═════ Records for this task ═════

lemma symmetric_rayleigh_maximum_eigenvalue:
  fixes A :: "real^'n^'n"
  assumes symm: "transpose A = A"
  obtains v \<mu> where "norm v = 1" "A *v v = \<mu> *\<^sub>R v" "\<And>x. x \<bullet> (A *v x) \<le> \<mu> * (x \<bullet> x)"
proof -
  obtain v where v: "v \<in> sphere 0 1"
    and max: "\<And>y. y \<in> sphere 0 1 \<Longrightarrow> y \<bullet> (A *v y) \<le> v \<bullet> (A *v v)"
  proof -
    have "\<exists>x\<in>sphere 0 1. \<forall>y\<in>sphere 0 1. y \<bullet> (A *v y) \<le> x \<bullet> (A *v x)"
      by (rule continuous_attains_sup) (auto intro!: continuous_intros)
    thus thesis using that by blast
  qed
  define \<mu> where "\<mu> = v \<bullet> (A *v v)"
  have bound: "x \<bullet> (A *v x) \<le> \<mu> * (x \<bullet> x)" for x
    using max[of "sgn x"] quadratic_form_sgn[of x A]
    by (cases "x = 0") (auto simp: \<mu>_def norm_sgn mult_left_mono)
  have "\<mu> *\<^sub>R v - A *v v = 0"
  proof (rule selfadjoint_nonneg_form_zero_imp_zero[of "\<lambda>x. \<mu> *\<^sub>R x - A *v x"])
    show "linear (\<lambda>x. \<mu> *\<^sub>R x - A *v x)"
      by (intro linear_compose_sub linear_compose_scale_right linear_ident matrix_vector_mul_linear)
    show "(\<mu> *\<^sub>R x - A *v x) \<bullet> y = x \<bullet> (\<mu> *\<^sub>R y - A *v y)" for x y
      by (simp add: inner_diff_left inner_diff_right inner_matrix_vector_symmetric[OF symm])
    show "0 \<le> x \<bullet> (\<mu> *\<^sub>R x - A *v x)" for x
      using bound[of x] by (simp add: inner_diff_right)
    have "v \<bullet> v = 1" using v by (simp add: dot_square_norm)
    thus "v \<bullet> (\<mu> *\<^sub>R v - A *v v) = 0"
      by (simp add: inner_diff_right \<mu>_def)
  qed
  hence "A *v v = \<mu> *\<^sub>R v" by simp
  with v bound show thesis by (intro that) auto
qed

lemma quadratic_form_le_lambda_max:
  fixes A :: "real^'n^'n"
  assumes symm: "transpose A = A"
  shows "x \<bullet> (A *v x) \<le> lambda_max A * (x \<bullet> x)"
proof -
  obtain v \<mu> where v: "norm v = 1" "A *v v = \<mu> *\<^sub>R v"
    and bound: "\<And>x. x \<bullet> (A *v x) \<le> \<mu> * (x \<bullet> x)"
    using symmetric_rayleigh_maximum_eigenvalue[OF symm] by blast
  have "v \<noteq> 0" using v(1) by auto
  hence "\<mu> \<le> lambda_max A"
    unfolding lambda_max_def using v(2)
    by (intro Max_ge finite_eigenvalues_symmetric[OF symm]) auto
  thus ?thesis using bound[of x] by (meson inner_ge_zero mult_right_mono order_trans)
qed

lemma lambda_max_pos:
  fixes A :: "real^'n^'n"
  assumes "transpose A = A" and "pos_def A"
  shows "0 < lambda_max A"
proof -
  have "0 < axis i 1 \<bullet> (A *v axis i 1)" for i :: 'n
    using \<open>pos_def A\<close> by (simp add: pos_def_def axis_eq_0_iff)
  also have "\<dots> i \<le> lambda_max A" for i :: 'n
    using quadratic_form_le_lambda_max[OF \<open>transpose A = A\<close>, of "axis i 1"] by simp
  finally show ?thesis .
qed

lemma pos_def_quadratic_form_ge:
  fixes A :: "real^'n^'n"
  assumes pd: "pos_def A"
  obtains m where "0 < m" "\<And>x. m * (x \<bullet> x) \<le> x \<bullet> (A *v x)"
proof -
  obtain v where v: "v \<in> sphere 0 1"
    and min: "\<And>y. y \<in> sphere 0 1 \<Longrightarrow> v \<bullet> (A *v v) \<le> y \<bullet> (A *v y)"
  proof -
    have "\<exists>x\<in>sphere 0 1. \<forall>y\<in>sphere 0 1. x \<bullet> (A *v x) \<le> y \<bullet> (A *v y)"
      by (rule continuous_attains_inf) (auto intro!: continuous_intros)
    thus thesis using that by blast
  qed
  have "v \<noteq> 0" using v by auto
  hence "0 < v \<bullet> (A *v v)" using pd by (simp add: pos_def_def)
  moreover have "(v \<bullet> (A *v v)) * (x \<bullet> x) \<le> x \<bullet> (A *v x)" for x
    using min[of "sgn x"] quadratic_form_sgn[of x A]
    by (cases "x = 0") (auto simp: norm_sgn mult.commute mult_left_mono)
  ultimately show thesis using that by blast
qed

lemma matrix_vector_inner_self_le:
  fixes A :: "real^'n^'n"
  assumes symm: "transpose A = A" and nonneg: "\<And>x. 0 \<le> x \<bullet> (A *v x)"
    and bound: "\<And>x. x \<bullet> (A *v x) \<le> \<mu> * (x \<bullet> x)" and "0 < \<mu>"
  shows "(A *v y) \<bullet> (A *v y) \<le> \<mu> * (y \<bullet> (A *v y))"
proof -
  define c where "c = A *v y"
  define t where "t = 1 / \<mu>"
  have "0 \<le> (t *\<^sub>R c - y) \<bullet> (A *v (t *\<^sub>R c - y))" by (rule nonneg)
  also have "\<dots> = t\<^sup>2 * (c \<bullet> (A *v c)) - 2 * t * (c \<bullet> c) + y \<bullet> (A *v y)"
    using inner_matrix_vector_symmetric[OF symm, of y c]
    by (simp add: c_def matrix_vector_mult_diff_distrib matrix_vector_mult_scaleR inner_diff_left
        inner_diff_right inner_commute power2_eq_square algebra_simps)
  also have "\<dots> \<le> t\<^sup>2 * (\<mu> * (c \<bullet> c)) - 2 * t * (c \<bullet> c) + y \<bullet> (A *v y)"
    using bound[of c] by (simp add: mult_left_mono)
  also have "\<dots> = y \<bullet> (A *v y) - (c \<bullet> c) / \<mu>"
    using \<open>0 < \<mu>\<close> by (simp add: t_def power2_eq_square field_simps)
  finally show ?thesis using \<open>0 < \<mu>\<close> by (simp add: c_def field_simps)
qed

definition lyapunov :: "real^'n^'n \<Rightarrow> real \<Rightarrow> real^'n \<Rightarrow> real^'n \<Rightarrow> real" where
  "lyapunov A h x y = x \<bullet> x + h * ((x - y) \<bullet> (A *v (x - y))) + h * (y \<bullet> (A *v y))"

lemma lyapunov_ge:
  fixes A :: "real^'n^'n"
  assumes "\<And>x. 0 \<le> x \<bullet> (A *v x)" and "0 \<le> h"
  shows "x \<bullet> x \<le> lyapunov A h x y"
  using assms by (simp add: lyapunov_def)

lemma lyapunov_step:
  fixes A :: "real^'n^'n"
  assumes symm: "transpose A = A" and nonneg: "\<And>x. 0 \<le> x \<bullet> (A *v x)"
    and bound: "\<And>x. x \<bullet> (A *v x) \<le> \<mu> * (x \<bullet> x)" and "0 < \<mu>"
    and "0 \<le> h" and "h * \<mu> \<le> 1 / 2"
  shows "lyapunov A h (x - h *\<^sub>R (A *v y)) x + h * (y \<bullet> (A *v y)) \<le> lyapunov A h x y"
proof -
  define c where "c = A *v y"
  define q where "q = y \<bullet> (A *v y)"
  have "lyapunov A h (x - h *\<^sub>R c) x
      = lyapunov A h x y - 2 * h * q + h\<^sup>2 * (c \<bullet> c) + h ^ 3 * (c \<bullet> (A *v c))"
    using inner_matrix_vector_symmetric[OF symm, of x y]
    by (simp add: lyapunov_def c_def q_def matrix_vector_mult_diff_distrib matrix_vector_mult_scaleR
        vec.neg inner_diff_left inner_diff_right inner_commute power2_eq_square power3_eq_cube algebra_simps)
  moreover have "0 \<le> h * q" using nonneg[of y] \<open>0 \<le> h\<close> by (simp add: q_def)
  moreover have "h\<^sup>2 * (c \<bullet> c) \<le> h * q / 2"
  proof -
    have "h\<^sup>2 * (c \<bullet> c) \<le> h\<^sup>2 * (\<mu> * q)"
      using matrix_vector_inner_self_le[OF symm nonneg bound \<open>0 < \<mu>\<close>, of y]
      by (simp add: c_def q_def mult_left_mono)
    also have "\<dots> = (h * \<mu>) * (h * q)" by (simp add: power2_eq_square)
    also have "\<dots> \<le> (1 / 2) * (h * q)"
      using \<open>h * \<mu> \<le> 1 / 2\<close> \<open>0 \<le> h * q\<close> by (rule mult_right_mono)
    finally show ?thesis by simp
  qed
  moreover have "h ^ 3 * (c \<bullet> (A *v c)) \<le> h\<^sup>2 * (c \<bullet> c) / 2"
  proof -
    have "h ^ 3 * (c \<bullet> (A *v c)) \<le> h ^ 3 * (\<mu> * (c \<bullet> c))"
      using bound[of c] \<open>0 \<le> h\<close> by (simp add: mult_left_mono)
    also have "\<dots> = (h * \<mu>) * (h\<^sup>2 * (c \<bullet> c))" by (simp add: power2_eq_square power3_eq_cube)
    also have "\<dots> \<le> (1 / 2) * (h\<^sup>2 * (c \<bullet> c))"
      using \<open>h * \<mu> \<le> 1 / 2\<close> by (rule mult_right_mono) simp
    finally show ?thesis by simp
  qed
  ultimately show ?thesis by (simp add: c_def q_def)
qed
(* Let $n \ge 2$ and $X_0, Y_0 \in \mathrm{S}^{n-1}$. Construct a pair of processes $\{(X_t, Y_t)\}_{t \ge 0}$ by applying, at every step $t \ge 0$ and conditionally on $(X_t, Y_t)$, the proportional coupling described in the context. Then for every $t \ge 0$, $$\mathbb{E}\Big[\sum_{i=1}^n \big(X_t[i]^2 - Y_t[i]^2\big)^2\Big] \le 2\Big(1 - \frac{1}{2n}\Big)^t.$$
   Context: $\mathrm{S}^{n-1} = \{X \in \mathbb{R}^n : \sum_{i=1}^n X[i]^2 = 1\}$. For $1 \le i < j \le n$, $\theta \in [0,2\pi)$ and $X \in \mathrm{S}^{n-1}$, let $\mathrm{F}(i,j,\theta,X) \in \mathrm{S}^{n-1}$ be the vector obtained from $X$ by replacing $(X[i], X[j])$ with $(\cos(\theta)X[i] - \sin(\theta)X[j],\ \sin(\theta)X[i] + \cos(\theta)X[j])$ and leaving all other coordinates unchanged. (Kac's walk is $X_{t+1} = \mathrm{F}(i_t,j_t,\theta_t,X_t)$ with $(i_t,j_t)$ uniform among pairs $i<j$ and $\theta_t$ uniform on $[0,2\pi)$, all independent.) Proportional coupling of one step from $(X_t, Y_t)$: choose $1 \le i < j \le n$ uniformly among all pairs and $\theta \in [0,2\pi)$ uniformly, independently, and set $X_{t+1} = \mathrm{F}(i,j,\theta,X_t)$. Then choose $\varphi \in [0,2\pi)$ uniformly at random among all angles satisfying $X_{t+1}[i] = \sqrt{X_t[i]^2 + X_t[j]^2}\cos(\varphi)$ and $X_{t+1}[j] = \sqrt{X_t[i]^2 + X_t[j]^2}\sin(\varphi)$ (the solution is unique unless $X_t[i]=X_t[j]=0$, in which case every angle qualifies). Then choose $\theta' \in [0,2\pi)$ uniformly among the angles satisfying $\mathrm{F}(i,j,\theta',Y_t)[i] = \sqrt{Y_t[i]^2 + Y_t[j]^2}\cos(\varphi)$ and $\mathrm{F}(i,j,\theta',Y_t)[j] = \sqrt{Y_t[i]^2 + Y_t[j]^2}\sin(\varphi)$, and set $Y_{t+1} = \mathrm{F}(i,j,\theta',Y_t)$. Each marginal process is then a copy of Kac's walk. *)

theory Defs
  imports "HOL-Probability.Probability"
begin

═════

## Task goal
Restate, word for word and with nothing added, the lines from the beginning of the records above through the line that contains "x) \<bullet> y".

## Solution for this task
lemma symmetric_rayleigh_maximum_eigenvalue:
  fixes A :: "real^'n^'n"
  assumes symm: "transpose A = A"
  obtains v \<mu> where "norm v = 1" "A *v v = \<mu> *\<^sub>R v" "\<And>x. x \<bullet> (A *v x) \<le> \<mu> * (x \<bullet> x)"
proof -
  obtain v where v: "v \<in> sphere 0 1"
    and max: "\<And>y. y \<in> sphere 0 1 \<Longrightarrow> y \<bullet> (A *v y) \<le> v \<bullet> (A *v v)"
  proof -
    have "\<exists>x\<in>sphere 0 1. \<forall>y\<in>sphere 0 1. y \<bullet> (A *v y) \<le> x \<bullet> (A *v x)"
      by (rule continuous_attains_sup) (auto intro!: continuous_intros)
    thus thesis using that by blast
  qed
  define \<mu> where "\<mu> = v \<bullet> (A *v v)"
  have bound: "x \<bullet> (A *v x) \<le> \<mu> * (x \<bullet> x)" for x
    using max[of "sgn x"] quadratic_form_sgn[of x A]
    by (cases "x = 0") (auto simp: \<mu>_def norm_sgn mult_left_mono)
  have "\<mu> *\<^sub>R v - A *v v = 0"
  proof (rule selfadjoint_nonneg_form_zero_imp_zero[of "\<lambda>x. \<mu> *\<^sub>R x - A *v x"])
    show "linear (\<lambda>x. \<mu> *\<^sub>R x - A *v x)"
      by (intro linear_compose_sub linear_compose_scale_right linear_ident matrix_vector_mul_linear)
    show "(\<mu> *\<^sub>R x - A *v x) \<bullet> y = x \<bullet> (\<mu> *\<^sub>R y - A *v y)" for x y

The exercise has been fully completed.